Recorded data:
"""

(* Let $\Omega_D := \{x \in \mathbb{R}^2 : |x| \le 1\}$ and $\Omega_S := [-1,1]\times[0,2\pi)$. Let $\mathcal{E} \in C^2(\mathbb{R})$ satisfy $\mathcal{E}(x) = \exp(-x)$ for all $x \ge 0$, with $|\mathcal{E}|$, $|\mathcal{E}'|$ and $|\mathcal{E}''|$ bounded on $\mathbb{R}$. For $w \in L_1(\mathbb{R})$ define $$F(f)(s,\theta) := \int_{\mathbb{R}} w(r-s)\, \mathcal{E}\Big(\tfrac{1}{2}(Rf)(r,\theta)\Big)\, dr, \qquad (s,\theta) \in \Omega_S,$$ for $f \in L_2(\Omega_D)$, where $R$ is the Radon transform. Then $F : L_2(\Omega_D) \to L_2(\Omega_S)$ is well-defined, i.e. $F(f) \in L_2(\Omega_S)$ for every $f \in L_2(\Omega_D)$.
   Context: Functions $f \in L_2(\Omega_D)$ are extended by zero outside $\Omega_D$. The Radon transform is $(Rf)(s,\theta) = \int_{\mathbb{R}} f(s\,u(\theta) + \sigma\, u(\theta)^\perp)\, d\sigma$ for $s \in \mathbb{R}$, $\theta \in [0,2\pi)$, where $u(\theta) = (\cos\theta, \sin\theta)^T$ and $u(\theta)^\perp$ is the unit vector perpendicular to it. $R$ is a bounded linear operator from $L_2(\Omega_D)$ to $L_2(\mathbb{R}\times[0,2\pi))$ (and to $L_2(\Omega_S)$), and $(Rf)(s,\theta) = 0$ for $|s|>1$. *)

theory Defs
  imports "HOL-Analysis.Analysis"
begin

definition OmegaD :: "(real \<times> real) set" where
  "OmegaD = cball 0 1"

definition OmegaS :: "(real \<times> real) set" where
  "OmegaS = {-1..1} \<times> {0..<2*pi}"

definition udir :: "real \<Rightarrow> real \<times> real" where
  "udir \<theta> = (cos \<theta>, sin \<theta>)"

definition udir_perp :: "real \<Rightarrow> real \<times> real" where
  "udir_perp \<theta> = (- sin \<theta>, cos \<theta>)"

definition ext0 :: "(real \<times> real \<Rightarrow> real) \<Rightarrow> real \<times> real \<Rightarrow> real" where
  "ext0 f x = indicator OmegaD x * f x"

definition radon :: "(real \<times> real \<Rightarrow> real) \<Rightarrow> real \<Rightarrow> real \<Rightarrow> real" where
  "radon f s \<theta> = (\<integral>\<sigma>. ext0 f (s *\<^sub>R udir \<theta> + \<sigma> *\<^sub>R udir_perp \<theta>) \<partial>lborel)"

definition Fop :: "(real \<Rightarrow> real) \<Rightarrow> (real \<Rightarrow> real) \<Rightarrow> (real \<times> real \<Rightarrow> real) \<Rightarrow> real \<times> real \<Rightarrow> real" where
  "Fop w E f = (\<lambda>(s, \<theta>). \<integral>r. w (r - s) * E (radon f r \<theta> / 2) \<partial>lborel)"

definition in_L2 :: "(real \<times> real) set \<Rightarrow> (real \<times> real \<Rightarrow> real) \<Rightarrow> bool" where
  "in_L2 \<Omega> g \<longleftrightarrow> set_borel_measurable lborel \<Omega> g \<and> set_integrable lborel \<Omega> (\<lambda>x. (g x)\<^sup>2)"

end

theory Submission
  imports Defs
begin

text \<open>The operator is bounded pointwise, \<open>\<bar>F(f)(s,\<theta>)\<bar> \<le> sup \<bar>\<E>\<bar> \<cdot> \<parallel>w\<parallel>\<^sub>1\<close>, uniformly in \<open>f\<close>,
  because \<open>\<E>\<close> is bounded and translating \<open>w\<close> does not change its \<open>L\<^sub>1\<close> norm. Since \<open>\<Omega>\<^sub>S\<close> has
  finite measure, \<open>F(f)\<close> is square-integrable on it once it is measurable, and measurability follows
  from Fubini-type measurability of parametric integrals, applied once to the Radon transform and
  once to \<open>F\<close>.\<close>

lemma sets_borel_pair_lborel:
  "sets (borel \<Otimes>\<^sub>M (lborel :: real measure)) = sets (borel :: ('a::second_countable_topology \<times> real) measure)"
  by (metis borel_prod sets_lborel sets_pair_measure_cong)

lemma borel_measurable_parametric_integral:
  fixes g :: "'a::second_countable_topology \<Rightarrow> real \<Rightarrow> real"
  assumes "(\<lambda>y. g (fst y) (snd y)) \<in> borel_measurable borel"
  shows "(\<lambda>x. \<integral>r. g x r \<partial>lborel) \<in> borel_measurable borel"
proof -
  have "case_prod g \<in> borel_measurable (borel \<Otimes>\<^sub>M lborel)"
    using assms by (subst measurable_cong_sets[OF sets_borel_pair_lborel refl]) (simp add: case_prod_beta')
  from lborel.borel_measurable_lebesgue_integral[OF this] show ?thesis .
qed

lemma borel_measurable_ext0:
  assumes "f \<in> borel_measurable borel"
  shows "ext0 f \<in> borel_measurable borel"
proof -
  have "OmegaD \<in> sets borel"
    unfolding OmegaD_def by (simp add: borel_closed)
  with assms show ?thesis
    unfolding ext0_def[abs_def] by (intro borel_measurable_times borel_measurable_indicator) auto
qed

lemma borel_measurable_radon:
  assumes "f \<in> borel_measurable borel"
  shows "(\<lambda>x. radon f (fst x) (snd x)) \<in> borel_measurable borel"
  unfolding radon_def
proof (rule borel_measurable_parametric_integral)
  have "continuous_on UNIV
      (\<lambda>y::(real \<times> real) \<times> real. fst (fst y) *\<^sub>R udir (snd (fst y)) + snd y *\<^sub>R udir_perp (snd (fst y)))"
    unfolding udir_def udir_perp_def by (intro continuous_intros)
  from measurable_comp[OF borel_measurable_continuous_onI[OF this] borel_measurable_ext0[OF assms]]
  show "(\<lambda>y. ext0 f (fst (fst y) *\<^sub>R udir (snd (fst y)) + snd y *\<^sub>R udir_perp (snd (fst y))))
      \<in> borel_measurable borel"
    by (simp add: o_def)
qed

lemma borel_measurable_Fop:
  assumes f: "f \<in> borel_measurable borel"
    and w: "w \<in> borel_measurable borel" and E: "E \<in> borel_measurable borel"
  shows "Fop w E f \<in> borel_measurable borel"
proof -
  have "(\<lambda>x. Fop w E f x) = (\<lambda>x. \<integral>r. w (r - fst x) * E (radon f r (snd x) / 2) \<partial>lborel)"
    unfolding Fop_def by (simp add: case_prod_beta')
  also have "\<dots> \<in> borel_measurable borel"
  proof (rule borel_measurable_parametric_integral, rule borel_measurable_times)
    show "(\<lambda>y::(real \<times> real) \<times> real. w (snd y - fst (fst y))) \<in> borel_measurable borel"
      using measurable_comp[OF borel_measurable_continuous_onI w, of "\<lambda>y. snd y - fst (fst y)"]
      by (simp add: o_def continuous_intros)
    have "(\<lambda>y::(real \<times> real) \<times> real. radon f (snd y) (snd (fst y))) \<in> borel_measurable borel"
      using measurable_comp[OF _ borel_measurable_radon[OF f], of "\<lambda>y. (snd y, snd (fst y))" borel]
      by (simp add: o_def borel_measurable_continuous_onI continuous_intros)
    from measurable_comp[OF borel_measurable_divide[OF this borel_measurable_const] E]
    show "(\<lambda>y::(real \<times> real) \<times> real. E (radon f (snd y) (snd (fst y)) / 2)) \<in> borel_measurable borel"
      by (simp add: o_def)
  qed
  finally show ?thesis .
qed

lemma abs_integral_translate_weight_le:
  fixes w h :: "real \<Rightarrow> real"
  assumes w: "integrable lborel w" and h: "\<And>r. \<bar>h r\<bar> \<le> B"
  shows "\<bar>\<integral>r. w (r - s) * h r \<partial>lborel\<bar> \<le> B * (\<integral>r. \<bar>w r\<bar> \<partial>lborel)"
proof (cases "integrable lborel (\<lambda>r. w (r - s) * h r)")
  case True
  have w_shift: "integrable lborel (\<lambda>r. \<bar>w (r - s)\<bar>)"
    using lborel_integrable_real_affine[OF integrable_abs[OF w], of 1 "-s"] by simp
  have "norm (\<integral>r. w (r - s) * h r \<partial>lborel) \<le> (\<integral>r. \<bar>w (r - s)\<bar> * B \<partial>lborel)"
    using h by (intro Bochner_Integration.integral_norm_bound_integral[OF True integrable_mult_left[OF w_shift]])
      (simp add: abs_mult mult_left_mono)
  also have "\<dots> = B * (\<integral>r. \<bar>w r\<bar> \<partial>lborel)"
    using lborel_integral_real_affine[of 1 "\<lambda>r. \<bar>w r\<bar>" "-s"] by simp
  finally show ?thesis
    by simp
next
  case False
  have "0 \<le> B" using h[of 0] by linarith
  with False show ?thesis
    by (simp add: not_integrable_integral_eq)
qed

lemma set_integrable_bounded_on_bounded_set:
  fixes g :: "'a::euclidean_space \<Rightarrow> real"
  assumes \<Omega>: "\<Omega> \<in> sets borel" "bounded \<Omega>"
    and g: "g \<in> borel_measurable borel" and bound: "\<And>x. x \<in> \<Omega> \<Longrightarrow> \<bar>g x\<bar> \<le> C"
  shows "set_integrable lborel \<Omega> g"
  unfolding set_integrable_def
proof (rule integrableI_bounded_set[where B = C])
  show "\<Omega> \<in> sets lborel"
    using \<Omega>(1) by simp
  show "emeasure lborel \<Omega> < \<infinity>"
    using emeasure_bounded_finite[OF \<Omega>(2)] .
  show "(\<lambda>x. indicator \<Omega> x *\<^sub>R g x) \<in> borel_measurable lborel"
    using \<Omega> g by measurable
  show "AE x in lborel. x \<in> \<Omega> \<longrightarrow> norm (indicator \<Omega> x *\<^sub>R g x) \<le> C"
    using bound by (intro AE_I2) simp
  show "AE x in lborel. x \<notin> \<Omega> \<longrightarrow> indicator \<Omega> x *\<^sub>R g x = 0"
    by (intro AE_I2) simp
qed

lemma in_L2_if_bounded:
  assumes "\<Omega> \<in> sets borel" "bounded \<Omega>"
    and g: "g \<in> borel_measurable borel" and "\<And>x. \<bar>g x\<bar> \<le> C"
  shows "in_L2 \<Omega> g"
  unfolding in_L2_def set_borel_measurable_def
proof
  show "(\<lambda>x. indicator \<Omega> x *\<^sub>R g x) \<in> borel_measurable lborel"
    using assms by measurable
  have "\<bar>(g x)\<^sup>2\<bar> \<le> C\<^sup>2" for x
    using \<open>\<bar>g x\<bar> \<le> C\<close> by (metis abs_ge_zero abs_power2 power2_abs power_mono)
  then show "set_integrable lborel \<Omega> (\<lambda>x. (g x)\<^sup>2)"
    using assms by (intro set_integrable_bounded_on_bounded_set) auto
qed

lemma OmegaS_sets_borel: "OmegaS \<in> sets borel"
proof -
  have "{-1..1::real} \<times> {0..<2*pi} \<in> sets (borel \<Otimes>\<^sub>M borel)"
    by (intro pair_measureI) auto
  then show ?thesis
    unfolding OmegaS_def borel_prod .
qed

lemma bounded_OmegaS: "bounded OmegaS"
  unfolding OmegaS_def
  by (intro bounded_Times bounded_closed_interval bounded_subset[OF bounded_closed_interval, of _ 0 "2*pi"]) auto

theorem proposition1:
  fixes E E' E'' w :: "real \<Rightarrow> real" and f :: "real \<times> real \<Rightarrow> real"
  assumes "\<And>x. (E has_real_derivative E' x) (at x)"
      and "\<And>x. (E' has_real_derivative E'' x) (at x)"
      and "continuous_on UNIV E''"
      and "\<And>x. x \<ge> 0 \<Longrightarrow> E x = exp (- x)"
      and "bounded (range E)" and "bounded (range E')" and "bounded (range E'')"
      and "integrable lborel w"
      and "f \<in> borel_measurable borel"
      and "in_L2 OmegaD f"
  shows "in_L2 OmegaS (Fop w E f)"
proof -
  have "continuous_on UNIV E"
    using assms(1) by (meson DERIV_isCont continuous_at_imp_continuous_on)
  moreover have "w \<in> borel_measurable borel"
    using borel_measurable_integrable[OF assms(8)] by (simp add: measurable_cong_sets[OF sets_lborel refl])
  ultimately have "Fop w E f \<in> borel_measurable borel"
    using borel_measurable_Fop[OF assms(9)] borel_measurable_continuous_onI by blast
  moreover obtain B where "\<And>x. \<bar>E x\<bar> \<le> B"
    using assms(5) unfolding bounded_iff by auto
  then have "\<bar>Fop w E f x\<bar> \<le> B * (\<integral>r. \<bar>w r\<bar> \<partial>lborel)" for x
    unfolding Fop_def using abs_integral_translate_weight_le[OF assms(8)] by (simp split: prod.split)
  ultimately show ?thesis
    by (intro in_L2_if_bounded[OF OmegaS_sets_borel bounded_OmegaS])
qed

end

"""

# TASK STATEMENT
Identify the lines of the entries containing the string "once". Copy each such line.

# OUTPUT FOR THIS TASK
  finite measure, \<open>F(f)\<close> is square-integrable on it once it is measurable, and measurability follows
  from Fubini-type measurability of parametric integrals, applied once to the Radon transform and
  once to \<open>F\<close>.\<close>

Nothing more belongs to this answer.